(* Let $d \geq 1$ and $\epsilon \geq 0$, $\kappa > 0$ be real numbers. Let $\mathbf{h}_1, \mathbf{h}_2 \in \mathbb{R}^d$ be two state vectors of an RNN with unit Euclidean norm, and let $\tilde{\mathbf{h}}_1, \tilde{\mathbf{h}}_2 \in \{\pm 1\}^d$ be their saturated versions. Assume the RNN is $\epsilon$-saturated with respect to these states, i.e. $\|\mathbf{h}_i - \tilde{\mathbf{h}}_i\|_2 \leq \epsilon$ for $i \in \{1,2\}$. If $\cos(\mathbf{h}_1, \mathbf{h}_2) \geq 1 - \kappa$ with $$\sqrt{\kappa} < \sqrt{2}\left(\frac{1}{\sqrt{d}} - \epsilon\right),$$ then $\tilde{\mathbf{h}}_1 = \tilde{\mathbf{h}}_2$ (i.e. the two vectors represent the same state of the saturated RNN / DFA).
   Context: An RNN state vector $\mathbf{h}(x,\theta) \in \mathbb{R}^d$ is viewed as a function of the input string $x$ and the parameter vector $\theta$ of the network (e.g. a simple RNN $\mathbf{h}_{i+1} = \tanh(U\mathbf{h}_i + V\mathbf{x}_{i+1})$). Its saturated version is $\tilde{\mathbf{h}}(x,\theta) = \lim_{\rho \to \infty} \mathbf{h}(x, \rho\theta)$, which for a $\tanh$ RNN takes values in $\{\pm 1\}^d$. Here $\cos(\mathbf{u},\mathbf{v}) = \mathbf{u}^\top \mathbf{v} / (\|\mathbf{u}\|_2 \|\mathbf{v}\|_2)$ denotes cosine similarity. *)

theory Defs
  imports "HOL-Analysis.Analysis"
begin

definition cos_sim :: "real ^ 'n \<Rightarrow> real ^ 'n \<Rightarrow> real" where
  "cos_sim u v = (u \<bullet> v) / (norm u * norm v)"

definition sign_vector :: "real ^ 'n \<Rightarrow> bool" where
  "sign_vector v \<longleftrightarrow> (\<forall>i. v $ i = 1 \<or> v $ i = -1)"

end

theory Submission
  imports Defs
begin

text \<open>Distinct sign vectors differ by 2 in some coordinate, so they are at distance at least 2.
  The unit states lie within \<open>\<epsilon>\<close> of their saturations and within \<open>sqrt (2 \<kappa>)\<close> of each other,
  and the hypothesis on \<open>\<kappa>\<close> makes \<open>2 \<epsilon> + sqrt (2 \<kappa>) < 2 / sqrt d \<le> 2\<close>; the triangle
  inequality then forces the saturations to coincide.\<close>

lemma sign_vector_dist_ge_2:
  fixes u v :: "real ^ 'n"
  assumes "sign_vector u" and "sign_vector v" and "u \<noteq> v"
  shows "2 \<le> dist u v"
proof -
  obtain i where i: "u $ i \<noteq> v $ i"
    using \<open>u \<noteq> v\<close> by (metis vec_eq_iff)
  have "u $ i = 1 \<or> u $ i = -1" and "v $ i = 1 \<or> v $ i = -1"
    using assms(1,2) unfolding sign_vector_def by blast+
  with i have "2 = \<bar>(u - v) $ i\<bar>"
    by auto
  also have "\<dots> \<le> norm (u - v)"
    by (rule component_le_norm_cart)
  finally show ?thesis
    by (simp add: dist_norm)
qed

lemma norm_diff_unit_vectors_le:
  fixes u v :: "'a :: real_inner"
  assumes "norm u = 1" and "norm v = 1" and "u \<bullet> v \<ge> 1 - \<kappa>"
  shows "norm (u - v) \<le> sqrt (2 * \<kappa>)"
proof (rule real_le_rsqrt)
  have "(norm (u - v))\<^sup>2 = (norm u)\<^sup>2 + (norm v)\<^sup>2 - 2 * (u \<bullet> v)"
    by (simp add: power2_norm_eq_inner inner_diff_left inner_diff_right inner_commute)
  then show "(norm (u - v))\<^sup>2 \<le> 2 * \<kappa>"
    using assms by simp
qed

lemma cos_sim_unit_vectors:
  assumes "norm u = 1" and "norm v = 1"
  shows "cos_sim u v = u \<bullet> v"
  using assms by (simp add: cos_sim_def)

theorem proposition1:
  fixes h1 h2 ht1 ht2 :: "real ^ 'n" and \<epsilon> \<kappa> :: real
  assumes "\<epsilon> \<ge> 0" and "\<kappa> > 0"
    and "norm h1 = 1" and "norm h2 = 1"
    and "sign_vector ht1" and "sign_vector ht2"
    and "norm (h1 - ht1) \<le> \<epsilon>" and "norm (h2 - ht2) \<le> \<epsilon>"
    and "cos_sim h1 h2 \<ge> 1 - \<kappa>"
    and "sqrt \<kappa> < sqrt 2 * (1 / sqrt (real CARD('n)) - \<epsilon>)"
  shows "ht1 = ht2"
proof (rule ccontr)
  assume "ht1 \<noteq> ht2"
  then have far: "2 \<le> dist ht1 ht2"
    using assms(5,6) by (rule sign_vector_dist_ge_2[rotated 2])
  have close: "dist h1 h2 \<le> sqrt (2 * \<kappa>)"
    using assms(3,4,9) by (simp add: dist_norm cos_sim_unit_vectors norm_diff_unit_vectors_le)
  have "dist ht1 ht2 \<le> dist ht1 h1 + dist h1 h2 + dist h2 ht2"
    using dist_triangle[of ht1 ht2 h1] dist_triangle[of h1 ht2 h2] by linarith
  also have "\<dots> \<le> 2 * \<epsilon> + sqrt (2 * \<kappa>)"
    using assms(7,8) close by (simp add: dist_norm norm_minus_commute)
  also have "\<dots> < 2 / sqrt (real CARD('n))"
  proof -
    have "sqrt (2 * \<kappa>) = sqrt 2 * sqrt \<kappa>"
      by (rule real_sqrt_mult)
    also have "\<dots> < sqrt 2 * (sqrt 2 * (1 / sqrt (real CARD('n)) - \<epsilon>))"
      using assms(10) by simp
    also have "\<dots> = 2 * (1 / sqrt (real CARD('n)) - \<epsilon>)"
      by (simp only: mult.assoc[symmetric] real_sqrt_mult_self)
    finally show ?thesis
      by (simp add: right_diff_distrib)
  qed
  also have "\<dots> \<le> 2"
    using real_sqrt_ge_one[of "real CARD('n)"] by (simp add: divide_le_eq)
  finally show False
    using far by simp
qed

end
= = =
[EXERCISE AIM]
Tell how many lines in the data above hold "their". Nothing but the number.

[EXERCISE OUTPUT]
2